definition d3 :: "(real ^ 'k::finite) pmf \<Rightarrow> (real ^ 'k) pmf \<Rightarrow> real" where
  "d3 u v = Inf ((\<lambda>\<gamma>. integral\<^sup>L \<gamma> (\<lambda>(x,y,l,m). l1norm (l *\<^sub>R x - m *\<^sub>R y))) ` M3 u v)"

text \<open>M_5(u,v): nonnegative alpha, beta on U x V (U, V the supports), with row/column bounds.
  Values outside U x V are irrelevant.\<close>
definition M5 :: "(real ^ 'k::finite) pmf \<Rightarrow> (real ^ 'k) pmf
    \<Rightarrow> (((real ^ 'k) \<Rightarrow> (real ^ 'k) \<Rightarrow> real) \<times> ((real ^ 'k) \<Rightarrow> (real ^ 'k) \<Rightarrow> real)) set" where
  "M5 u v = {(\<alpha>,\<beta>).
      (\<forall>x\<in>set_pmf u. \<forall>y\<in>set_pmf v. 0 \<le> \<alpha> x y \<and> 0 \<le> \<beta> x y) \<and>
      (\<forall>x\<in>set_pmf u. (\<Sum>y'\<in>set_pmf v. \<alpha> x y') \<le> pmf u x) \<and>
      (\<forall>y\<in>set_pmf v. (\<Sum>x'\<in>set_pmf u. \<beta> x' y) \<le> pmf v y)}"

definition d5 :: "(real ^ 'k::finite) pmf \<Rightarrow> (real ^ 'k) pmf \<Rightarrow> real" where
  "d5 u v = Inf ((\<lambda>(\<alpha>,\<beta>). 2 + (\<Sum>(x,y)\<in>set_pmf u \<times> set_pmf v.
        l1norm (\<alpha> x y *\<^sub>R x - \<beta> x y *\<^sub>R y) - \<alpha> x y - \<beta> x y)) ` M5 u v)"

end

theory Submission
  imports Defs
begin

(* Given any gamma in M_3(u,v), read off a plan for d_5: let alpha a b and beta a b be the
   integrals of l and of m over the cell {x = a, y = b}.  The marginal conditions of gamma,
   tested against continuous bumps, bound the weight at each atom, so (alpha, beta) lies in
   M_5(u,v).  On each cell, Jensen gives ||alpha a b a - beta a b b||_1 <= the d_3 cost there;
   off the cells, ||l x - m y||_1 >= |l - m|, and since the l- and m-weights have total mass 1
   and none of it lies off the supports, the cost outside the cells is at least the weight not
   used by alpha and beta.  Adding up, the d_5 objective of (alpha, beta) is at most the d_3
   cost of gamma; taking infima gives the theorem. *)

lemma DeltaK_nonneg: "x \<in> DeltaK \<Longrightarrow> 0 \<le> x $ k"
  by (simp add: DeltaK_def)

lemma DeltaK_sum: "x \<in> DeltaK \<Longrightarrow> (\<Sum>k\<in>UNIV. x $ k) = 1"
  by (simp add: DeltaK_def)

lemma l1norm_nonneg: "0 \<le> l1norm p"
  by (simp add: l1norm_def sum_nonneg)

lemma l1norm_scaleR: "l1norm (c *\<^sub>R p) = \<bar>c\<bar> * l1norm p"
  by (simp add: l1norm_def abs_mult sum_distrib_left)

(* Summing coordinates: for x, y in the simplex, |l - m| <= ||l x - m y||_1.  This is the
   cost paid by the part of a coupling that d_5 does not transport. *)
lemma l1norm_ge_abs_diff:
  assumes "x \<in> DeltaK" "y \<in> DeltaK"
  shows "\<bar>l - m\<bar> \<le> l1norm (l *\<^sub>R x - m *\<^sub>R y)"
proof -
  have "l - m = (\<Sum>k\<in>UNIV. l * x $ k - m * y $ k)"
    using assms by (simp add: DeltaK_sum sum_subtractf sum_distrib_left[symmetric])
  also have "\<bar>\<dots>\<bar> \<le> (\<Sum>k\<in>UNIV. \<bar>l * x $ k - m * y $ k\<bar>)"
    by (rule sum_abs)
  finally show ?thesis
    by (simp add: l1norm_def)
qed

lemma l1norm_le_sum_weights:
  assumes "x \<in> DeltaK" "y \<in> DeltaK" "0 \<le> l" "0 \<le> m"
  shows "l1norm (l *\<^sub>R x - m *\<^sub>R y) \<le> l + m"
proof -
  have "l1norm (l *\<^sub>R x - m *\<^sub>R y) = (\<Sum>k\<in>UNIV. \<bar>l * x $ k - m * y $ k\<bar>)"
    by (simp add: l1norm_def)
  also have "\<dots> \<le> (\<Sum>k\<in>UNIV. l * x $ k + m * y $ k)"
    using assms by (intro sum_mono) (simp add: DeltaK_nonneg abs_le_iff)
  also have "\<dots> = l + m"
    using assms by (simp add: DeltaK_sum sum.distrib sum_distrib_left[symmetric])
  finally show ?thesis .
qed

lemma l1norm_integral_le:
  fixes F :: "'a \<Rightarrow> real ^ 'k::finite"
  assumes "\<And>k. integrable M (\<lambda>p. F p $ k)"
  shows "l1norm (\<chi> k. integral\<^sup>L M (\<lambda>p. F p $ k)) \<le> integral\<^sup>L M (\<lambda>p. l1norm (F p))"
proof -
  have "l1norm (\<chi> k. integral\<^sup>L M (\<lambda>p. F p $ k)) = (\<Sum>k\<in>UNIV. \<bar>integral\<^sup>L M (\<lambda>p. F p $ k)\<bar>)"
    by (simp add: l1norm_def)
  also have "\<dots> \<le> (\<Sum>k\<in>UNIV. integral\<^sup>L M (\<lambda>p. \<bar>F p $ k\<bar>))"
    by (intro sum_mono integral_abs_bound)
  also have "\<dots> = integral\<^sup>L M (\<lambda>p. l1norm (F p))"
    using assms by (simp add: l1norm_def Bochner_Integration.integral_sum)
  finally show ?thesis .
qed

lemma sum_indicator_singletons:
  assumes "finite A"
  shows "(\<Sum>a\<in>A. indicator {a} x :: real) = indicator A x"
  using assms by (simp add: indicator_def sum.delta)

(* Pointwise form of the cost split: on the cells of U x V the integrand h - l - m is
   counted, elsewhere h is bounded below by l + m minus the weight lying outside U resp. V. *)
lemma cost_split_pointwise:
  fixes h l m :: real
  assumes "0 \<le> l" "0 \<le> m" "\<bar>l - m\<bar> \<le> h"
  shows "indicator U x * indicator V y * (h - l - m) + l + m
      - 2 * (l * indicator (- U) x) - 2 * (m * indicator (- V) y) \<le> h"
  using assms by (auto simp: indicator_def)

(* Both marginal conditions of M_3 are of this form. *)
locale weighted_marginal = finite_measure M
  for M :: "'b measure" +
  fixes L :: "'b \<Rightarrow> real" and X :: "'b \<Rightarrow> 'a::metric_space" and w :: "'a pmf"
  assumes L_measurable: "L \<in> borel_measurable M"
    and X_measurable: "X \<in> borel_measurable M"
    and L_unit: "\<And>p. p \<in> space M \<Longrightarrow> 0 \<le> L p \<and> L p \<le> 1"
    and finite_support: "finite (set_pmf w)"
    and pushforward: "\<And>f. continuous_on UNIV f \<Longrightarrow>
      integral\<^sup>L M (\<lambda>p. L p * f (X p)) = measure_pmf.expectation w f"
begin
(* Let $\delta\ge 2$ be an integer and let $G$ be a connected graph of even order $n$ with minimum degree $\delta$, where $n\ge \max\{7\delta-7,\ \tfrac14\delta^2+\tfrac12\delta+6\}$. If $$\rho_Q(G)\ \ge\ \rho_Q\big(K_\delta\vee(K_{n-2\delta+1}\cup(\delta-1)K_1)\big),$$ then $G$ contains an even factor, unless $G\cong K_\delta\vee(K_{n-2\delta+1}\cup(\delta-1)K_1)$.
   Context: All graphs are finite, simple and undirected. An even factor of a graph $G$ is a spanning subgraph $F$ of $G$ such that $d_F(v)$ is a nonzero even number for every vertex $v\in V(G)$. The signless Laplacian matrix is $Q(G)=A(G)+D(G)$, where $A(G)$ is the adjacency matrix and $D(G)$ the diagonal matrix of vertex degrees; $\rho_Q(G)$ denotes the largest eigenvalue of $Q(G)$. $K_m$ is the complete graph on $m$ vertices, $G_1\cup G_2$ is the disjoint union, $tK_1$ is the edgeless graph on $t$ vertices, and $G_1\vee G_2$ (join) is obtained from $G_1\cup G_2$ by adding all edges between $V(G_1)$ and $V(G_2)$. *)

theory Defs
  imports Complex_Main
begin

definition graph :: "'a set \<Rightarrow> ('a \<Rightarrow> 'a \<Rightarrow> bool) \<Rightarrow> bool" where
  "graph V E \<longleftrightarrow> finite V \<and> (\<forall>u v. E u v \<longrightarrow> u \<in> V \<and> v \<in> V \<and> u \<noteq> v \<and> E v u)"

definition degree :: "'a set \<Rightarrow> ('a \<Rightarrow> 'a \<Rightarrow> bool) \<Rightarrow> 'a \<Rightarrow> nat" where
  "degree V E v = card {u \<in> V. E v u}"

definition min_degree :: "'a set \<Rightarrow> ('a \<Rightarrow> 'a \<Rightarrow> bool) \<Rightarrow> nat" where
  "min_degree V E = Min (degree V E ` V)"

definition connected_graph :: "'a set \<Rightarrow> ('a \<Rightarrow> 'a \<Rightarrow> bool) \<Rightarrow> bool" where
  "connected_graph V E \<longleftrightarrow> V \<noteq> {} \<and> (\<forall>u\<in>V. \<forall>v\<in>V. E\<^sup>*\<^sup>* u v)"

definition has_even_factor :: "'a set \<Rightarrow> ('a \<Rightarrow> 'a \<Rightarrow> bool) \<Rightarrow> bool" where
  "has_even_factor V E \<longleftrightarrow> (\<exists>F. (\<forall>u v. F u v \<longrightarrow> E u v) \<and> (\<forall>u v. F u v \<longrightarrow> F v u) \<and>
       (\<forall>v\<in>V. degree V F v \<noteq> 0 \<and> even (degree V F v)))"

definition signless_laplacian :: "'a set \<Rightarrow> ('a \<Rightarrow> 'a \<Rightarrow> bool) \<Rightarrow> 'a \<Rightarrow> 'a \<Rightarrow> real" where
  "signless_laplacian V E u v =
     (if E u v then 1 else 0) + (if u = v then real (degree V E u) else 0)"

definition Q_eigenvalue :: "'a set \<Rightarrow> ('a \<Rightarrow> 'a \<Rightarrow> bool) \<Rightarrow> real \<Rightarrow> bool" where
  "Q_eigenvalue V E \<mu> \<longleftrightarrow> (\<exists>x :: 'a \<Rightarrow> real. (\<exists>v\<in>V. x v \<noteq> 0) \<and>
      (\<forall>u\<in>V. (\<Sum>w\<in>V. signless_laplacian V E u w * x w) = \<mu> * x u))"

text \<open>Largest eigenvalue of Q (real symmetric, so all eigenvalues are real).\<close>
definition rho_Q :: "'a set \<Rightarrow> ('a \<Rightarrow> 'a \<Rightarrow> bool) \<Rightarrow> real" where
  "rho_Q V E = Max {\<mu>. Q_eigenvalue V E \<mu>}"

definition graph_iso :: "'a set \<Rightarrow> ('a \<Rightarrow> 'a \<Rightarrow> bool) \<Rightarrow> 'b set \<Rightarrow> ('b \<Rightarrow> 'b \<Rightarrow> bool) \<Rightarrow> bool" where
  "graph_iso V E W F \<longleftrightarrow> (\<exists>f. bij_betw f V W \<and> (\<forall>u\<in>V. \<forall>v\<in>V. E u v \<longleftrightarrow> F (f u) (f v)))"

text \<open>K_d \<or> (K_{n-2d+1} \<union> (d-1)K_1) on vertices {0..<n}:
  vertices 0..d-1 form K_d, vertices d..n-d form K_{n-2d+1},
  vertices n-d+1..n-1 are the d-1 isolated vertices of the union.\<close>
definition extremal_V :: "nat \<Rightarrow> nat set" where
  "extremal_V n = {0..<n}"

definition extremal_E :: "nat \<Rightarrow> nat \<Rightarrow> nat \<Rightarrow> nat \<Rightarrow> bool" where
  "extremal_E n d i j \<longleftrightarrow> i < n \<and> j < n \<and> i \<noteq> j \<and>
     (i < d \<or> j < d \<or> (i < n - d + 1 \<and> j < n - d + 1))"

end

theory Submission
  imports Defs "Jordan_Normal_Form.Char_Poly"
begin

★ ★ ★ ★ ★ ★ ★

PROBLEM DETAILS = Repeat word for word the lines above that run from the line containing "(\<forall>x\<in>set_pmf u. \<forall>y\<in>set_pmf" through the line containing "u \<times> set_pmf v.", both ends included, and nothing else.

EXERCISE SOLUTION =
      (\<forall>x\<in>set_pmf u. \<forall>y\<in>set_pmf v. 0 \<le> \<alpha> x y \<and> 0 \<le> \<beta> x y) \<and>
      (\<forall>x\<in>set_pmf u. (\<Sum>y'\<in>set_pmf v. \<alpha> x y') \<le> pmf u x) \<and>
      (\<forall>y\<in>set_pmf v. (\<Sum>x'\<in>set_pmf u. \<beta> x' y) \<le> pmf v y)}"

definition d5 :: "(real ^ 'k::finite) pmf \<Rightarrow> (real ^ 'k) pmf \<Rightarrow> real" where
  "d5 u v = Inf ((\<lambda>(\<alpha>,\<beta>). 2 + (\<Sum>(x,y)\<in>set_pmf u \<times> set_pmf v.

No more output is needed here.